Records shown:
=-=-=
lemma Jfun_add_scaled_le:
  fixes \<Omega> :: "'a::euclidean_space set" and T :: "nat \<Rightarrow> 'a \<Rightarrow> real"
  assumes \<Omega>: "\<Omega> \<in> sets lebesgue"
    and T: "\<And>j. T j \<in> borel_measurable lebesgue" "\<And>j x. j < N \<Longrightarrow> 0 \<le> T j x"
    and B: "\<And>x y. B x (u x + w x + y) = (\<Sum>j<N. T j x * exp (- \<xi> j * y))"
    and b: "\<And>x. b x (u x + w x) = - (\<Sum>j<N. \<xi> j * T j x)"
    and eps: "set_borel_measurable lebesgue \<Omega> eps" "\<And>x. x \<in> \<Omega> \<Longrightarrow> \<bar>eps x\<bar> \<le> C"
    and f: "L2v_on \<Omega> f" and u: "H1_grad \<Omega> u Du" and v: "H1_grad \<Omega> v Dv" "Linf_on \<Omega> v"
    and B_int: "set_integrable lebesgue \<Omega> (\<lambda>x. B x (u x + w x))"
  obtains \<delta> K where "0 < \<delta>" "set_integrable lebesgue \<Omega> (\<lambda>x. b x (u x + w x) * v x)"
    and "\<And>t. \<bar>t\<bar> \<le> \<delta> \<Longrightarrow> Jfun \<Omega> eps B w f (\<lambda>x. u x + t * v x) (\<lambda>x. Du x + t *\<^sub>R Dv x)
      \<le> Jfun \<Omega> eps B w f u Du + ereal (t * ((LINT x:\<Omega>|lebesgue. eps x * (Du x \<bullet> Dv x))
            + (LINT x:\<Omega>|lebesgue. b x (u x + w x) * v x) - (LINT x:\<Omega>|lebesgue. f x \<bullet> Dv x)) + K * t\<^sup>2)"
proof -
  obtain Cv where v_meas: "v \<in> borel_measurable lebesgue"
    and v_bound: "AE x in lebesgue. x \<in> \<Omega> \<longrightarrow> \<bar>v x\<bar> \<le> Cv"
    using v(2) unfolding Linf_on_def by blast
  have L2: "L2v_on \<Omega> Du" "L2v_on \<Omega> Dv" using u v(1) unfolding H1_grad_def by auto
  have B_shift: "B x (u x + t * v x + w x) = (\<Sum>j<N. T j x * exp (- \<xi> j * (t * v x)))" for x t
    using B[of x "t * v x"] by (simp add: add_ac)
  have S_int: "set_integrable lebesgue \<Omega> (\<lambda>x. \<Sum>j<N. T j x)"
    using B_int B[of _ 0] by simp
  have b_eq: "b x (u x + w x) * v x = - ((\<Sum>j<N. \<xi> j * T j x) * v x)" for x
    unfolding b by simp
  obtain \<delta> K where \<delta>: "0 < \<delta>"
    and P_int: "set_integrable lebesgue \<Omega> (\<lambda>x. (\<Sum>j<N. \<xi> j * T j x) * v x)"
    and Bt_int: "\<And>t. \<bar>t\<bar> \<le> \<delta> \<Longrightarrow>
      set_integrable lebesgue \<Omega> (\<lambda>x. \<Sum>j<N. T j x * exp (- \<xi> j * (t * v x)))"
    and expansion: "\<And>t. \<bar>t\<bar> \<le> \<delta> \<Longrightarrow>
      \<bar>(LINT x:\<Omega>|lebesgue. \<Sum>j<N. T j x * exp (- \<xi> j * (t * v x))) - (LINT x:\<Omega>|lebesgue. \<Sum>j<N. T j x)
        + t * (LINT x:\<Omega>|lebesgue. (\<Sum>j<N. \<xi> j * T j x) * v x)\<bar> \<le> K * t\<^sup>2"
    using exp_sum_set_integral_expansion[where \<xi>=\<xi>, OF \<Omega> T S_int v_meas v_bound]
    by blast
  have b_int: "set_integrable lebesgue \<Omega> (\<lambda>x. b x (u x + w x) * v x)"
    using set_integrable_mult_right[OF P_int, of "-1"] unfolding b_eq by simp
  have b_integral: "(LINT x:\<Omega>|lebesgue. b x (u x + w x) * v x)
      = - (LINT x:\<Omega>|lebesgue. (\<Sum>j<N. \<xi> j * T j x) * v x)"
    unfolding b_eq by (simp add: set_lebesgue_integral_def)
  define A2 where "A2 = (LINT x:\<Omega>|lebesgue. eps x * (norm (Dv x))\<^sup>2)"
  show thesis
  proof (rule that[OF \<delta> b_int, of "\<bar>A2\<bar> / 2 + K"])
    fix t :: real assume t: "\<bar>t\<bar> \<le> \<delta>"
    have "t\<^sup>2 * A2 \<le> t\<^sup>2 * \<bar>A2\<bar>" by (simp add: mult_left_mono)
    then show "Jfun \<Omega> eps B w f (\<lambda>x. u x + t * v x) (\<lambda>x. Du x + t *\<^sub>R Dv x)
      \<le> Jfun \<Omega> eps B w f u Du + ereal (t * ((LINT x:\<Omega>|lebesgue. eps x * (Du x \<bullet> Dv x))
            + (LINT x:\<Omega>|lebesgue. b x (u x + w x) * v x) - (LINT x:\<Omega>|lebesgue. f x \<bullet> Dv x))
            + (\<bar>A2\<bar> / 2 + K) * t\<^sup>2)"
      using Jfun_add_scaled[OF \<Omega> eps f L2, of B u t v w]
        Jfun_add_scaled[OF \<Omega> eps f L2, of B u 0 v w]
        Bt_int[OF t] S_int expansion[OF t]
      unfolding B_shift b_integral A2_def by (simp add: algebra_simps abs_le_iff)
  qed
qed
=-=-=
Please say how many lines of the records contain the word "bullet", giving the number by itself.

4